Carefactor: 100
With publishing power ebbing from the few to the many and AJAX killing the postback there are a couple of problems emerging.
- Media outlets who make a living by selling eyeballs to advertisers are having to prove the value of their ad space amid growing competition from their readers!
- When pages don't refresh (because of AJAX), the number of pageviews a site gets no longer matters. When something no longer works, people are forced to invent something new. When people invent something new they are forced to actually look at the problem. What have they discovered? There is a lot more measure than just 'how many eyeballs are there'. Things like 'how wealthy or influential are the eyeballs', 'how much do the eyeballs trust the publisher', 'how reactive and proactive are the eyeballs in relation to the author' and most importantly 'why do we keep ignoring the person and focusing on their eyeballs'.
- Advertisers are finding it hard to work out who to give their money to. Is google really the best broker of my advertising dollars? Which ad network or publisher can promote our brand and product better?
As a result, commentators are abuzz about new definitions and algorithms to measure all this stuff.
Comscore is apparently working on a 'Web 2.0 Metric'.
".....While page views will not altogether cease to be a relevant measure of a site's value, it's clear that there is an increasing need to consider page views alongside newer, more relevant measures. comScore is proud to continue carrying the torch as an industry innovator with the development of a new suite of metrics that will effectively address the Web 2.0 landscape by including enhanced measures of user engagement and advertising exposure. We will be introducing these new metrics to the industry in 2007."

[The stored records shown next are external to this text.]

(* Let $s\ge 1$ and let $p\in F_{2,2s}$ be a product of $2s$ real linear forms, with $p\ne\pm\ell^{2s}$ for every real linear form $\ell$. If $(a,b)\in\mathcal B(p)$, then $a\ge s$ and $b\ge s$.
   Context: $F_{2,2s}$ is the real vector space of real binary forms of degree $2s$ in $x,y$. A representation of $p\in F_{2,2s}$ is an expression $p=\sum_{j=1}^r\lambda_j(\alpha_jx+\beta_jy)^{2s}$ with $r\ge 0$ (the empty sum being $0$), $\alpha_j,\beta_j\in\mathbb R$ and $0\ne\lambda_j\in\mathbb R$; it is honest if the linear forms $\alpha_jx+\beta_jy$ are pairwise non-proportional. Its badge is $(a,b)$, where $a$ (resp. $b$) is the number of indices $j$ with $\lambda_j>0$ (resp. $\lambda_j<0$). $\mathcal B(p)$ denotes the set of badges of all honest representations of $p$. *)

theory Defs
  imports Complex_Main
begin

text \<open>A real binary form in x, y is represented by its polynomial function
  real \<Rightarrow> real \<Rightarrow> real (over the infinite field of reals, equality of forms
  coincides with equality of the induced functions). A linear form
  alpha x + beta y is represented by its coefficient pair (alpha, beta).\<close>

definition proportional :: "real \<times> real \<Rightarrow> real \<times> real \<Rightarrow> bool" where
  "proportional l m \<longleftrightarrow>
     (\<exists>c. fst l = c * fst m \<and> snd l = c * snd m) \<or>
     (\<exists>c. fst m = c * fst l \<and> snd m = c * snd l)"

definition honest_rep ::
  "nat \<Rightarrow> (real \<Rightarrow> real \<Rightarrow> real) \<Rightarrow> nat \<Rightarrow> (nat \<Rightarrow> real) \<Rightarrow> (nat \<Rightarrow> real) \<Rightarrow> (nat \<Rightarrow> real) \<Rightarrow> bool"
  where
  "honest_rep s p r lam al be \<longleftrightarrow>
     (\<forall>j<r. lam j \<noteq> 0) \<and>
     (\<forall>i<r. \<forall>j<r. i \<noteq> j \<longrightarrow> \<not> proportional (al i, be i) (al j, be j)) \<and>
     (\<forall>x y. p x y = (\<Sum>j<r. lam j * (al j * x + be j * y) ^ (2 * s)))"

definition badges :: "nat \<Rightarrow> (real \<Rightarrow> real \<Rightarrow> real) \<Rightarrow> (nat \<times> nat) set" where
  "badges s p = {(card {j. j < r \<and> lam j > 0}, card {j. j < r \<and> lam j < 0}) | r lam al be.
                   honest_rep s p r lam al be}"

end

theory Submission
  imports Defs "Jordan_Normal_Form.Char_Poly" "HOL-Computational_Algebra.Fundamental_Theorem_Algebra"
    "HOL-Analysis.Derivative"
begin

(* Two facts drive the proof.
   (1) Directional derivatives preserve "multiple of a product of real linear forms"
       (a homogeneous Gauss-Lucas theorem: the derivative of a real-rooted polynomial is
       real-rooted).
   (2) Differentiating sum_j lam_j l_j^(2s) along w_1, ..., w_{2s-2} gives, up to a positive
       constant, the quadratic form sum_j lam_j l_j(w_1)...l_j(w_{2s-2}) l_j^2.
   By (1) this quadratic form factors over the reals, so it has a non-trivial real zero;
   hence its coefficients cannot all be >= 0 with two independent positive ones.
   Choosing directions in the kernels of selected l_k produces exactly such a sign pattern
   whenever r <= s or fewer than s coefficients are negative.  So b >= s, and a >= s
   follows by applying the same argument to -p. *)

interpretation of_real_poly_hom: map_poly_inj_idom_hom of_real ..

lemma real_rooted_split:
  fixes q :: "real poly"
  assumes real_roots: "\<And>z. poly (map_poly of_real q) z = (0::complex) \<Longrightarrow> Im z = 0"
  obtains \<rho> where "q = Polynomial.smult (lead_coeff q) (\<Prod>i<degree q. [:- \<rho> i, 1:])"
proof -
  define Q where "Q = (map_poly of_real q :: complex poly)"
  obtain root where Q: "Polynomial.smult (lead_coeff Q) (\<Prod>i<degree Q. [:- root i, 1:]) = Q"
    using complex_poly_decompose' by blast
  show ?thesis
  proof (cases "q = 0")
    case True
    then show ?thesis by (intro that) simp
  next
    case False
    have root_real: "of_real (Re (root i)) = root i" if "i < degree q" for i
    proof -
      have "poly Q (root i) = 0"
        using that by (subst Q[symmetric]) (auto simp: poly_prod Q_def)
      then have "Im (root i) = 0" using real_roots unfolding Q_def by blast
      then show ?thesis by (simp add: complex_eq_iff)
    qed
    have "(\<Prod>i<degree q. [:- of_real (Re (root i)), 1:]) = (\<Prod>i<degree q. [:- root i, 1:])"
      by (rule prod.cong) (simp_all add: root_real)
    then have "map_poly of_real (Polynomial.smult (lead_coeff q) (\<Prod>i<degree q. [:- Re (root i), 1:])) = Q"
      by (subst Q[symmetric]) (simp add: Q_def of_real_poly_hom.hom_prod of_real_hom.map_poly_hom_smult)
    then have "Polynomial.smult (lead_coeff q) (\<Prod>i<degree q. [:- Re (root i), 1:]) = q"
      unfolding Q_def by (rule of_real_poly_hom.injectivity)
    then show ?thesis by (intro that[of "\<lambda>i. Re (root i)"]) simp
  qed
qed

lemma poly_pderiv_prod_linear:
  fixes z :: "'a::field"
  assumes "finite A" "\<And>i. i \<in> A \<Longrightarrow> z \<noteq> r i"
  shows "poly (pderiv (\<Prod>i\<in>A. [:- r i, 1:])) z
           = poly (\<Prod>i\<in>A. [:- r i, 1:]) z * (\<Sum>i\<in>A. 1 / (z - r i))"
proof -
  have "poly (pderiv (\<Prod>i\<in>A. [:- r i, 1:])) z = (\<Sum>i\<in>A. \<Prod>k\<in>A - {i}. z - r k)"
    by (simp add: pderiv_prod poly_sum poly_prod pderiv_pCons)
  also have "\<dots> = (\<Sum>i\<in>A. (\<Prod>k\<in>A. z - r k) * (1 / (z - r i)))"
  proof (rule sum.cong[OF refl])
    fix i assume "i \<in> A"
    then have "(\<Prod>k\<in>A. z - r k) = (z - r i) * (\<Prod>k\<in>A - {i}. z - r k)"
      using assms(1) by (simp add: prod.remove)
    then show "(\<Prod>k\<in>A - {i}. z - r k) = (\<Prod>k\<in>A. z - r k) * (1 / (z - r i))"
      using assms(2)[OF \<open>i \<in> A\<close>] by simp
  qed
  finally show ?thesis by (simp add: poly_prod sum_distrib_left)
qed

(* If Im z <> 0, every 1/(z - rho_i) has imaginary part of sign opposite to Im z,
   hence so does their (non-empty) sum. *)
lemma Im_sum_inverse_sign:
  fixes z :: complex and \<rho> :: "'i \<Rightarrow> real"
  assumes "Im z \<noteq> 0" "finite A" "A \<noteq> {}"
  shows "Im (\<Sum>i\<in>A. 1 / (z - of_real (\<rho> i))) * Im z < 0"
proof -
  have term_neg: "Im (1 / (z - of_real (\<rho> i))) * Im z < 0" for i
  proof -
    have "Im (1 / (z - of_real (\<rho> i))) * Im z = - ((Im z)\<^sup>2 / ((Re z - \<rho> i)\<^sup>2 + (Im z)\<^sup>2))"
      by (simp add: Im_divide power2_eq_square)
    moreover have "0 < (Im z)\<^sup>2 / ((Re z - \<rho> i)\<^sup>2 + (Im z)\<^sup>2)"
      using assms(1) by (simp add: add_nonneg_pos)
    ultimately show ?thesis by linarith
  qed
  have "Im (\<Sum>i\<in>A. 1 / (z - of_real (\<rho> i))) * Im z = (\<Sum>i\<in>A. Im (1 / (z - of_real (\<rho> i))) * Im z)"
    by (simp add: sum_distrib_right)
  also have "\<dots> < (\<Sum>i\<in>A. 0)"
    using assms(2,3) term_neg by (intro sum_strict_mono) auto
  finally show ?thesis by simp
qed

And Jeff Jarvis from BuzzMachine talks about the Distributed Media Economy
So pageviews are obsolete already, thanks to Ajax and other unpage technologies and to the widgetization of content, functionality, and branding: Again, what’s a ‘page’? Audience measurements are obsolete, at last, thanks to the fact that the
former consumer is now also the creator and distributor: What’s an ‘audience’? Mass measurements are dead, thank God, because we are now joyfully fragmented into the mass of niches: Who’s a ‘user’?
Dion Hinchcliffe posts:
"it seems clear that users, businesses, and other organizations that deeply embrace the fundamental nature of the Web as a communications-oriented platform without any single owner except all of us, will be the only ones able to fully exploit the possibilities for online applications."
I find this last quote interesting. "Without any single owner". But I think it needs to be taken further. Media outlets and bloggers alike don't own their audience. In fact they don't even own their participants.
While people are happy to get trapped in walled gardens like MySpace for now, they will soon realize that blogs are the real social network. While they are happy to subscribe to 10, 100, 1000 blogs now, they will start to realize that there is far too much content and they actually need to subscribe to ideas/concepts/interests - not authors.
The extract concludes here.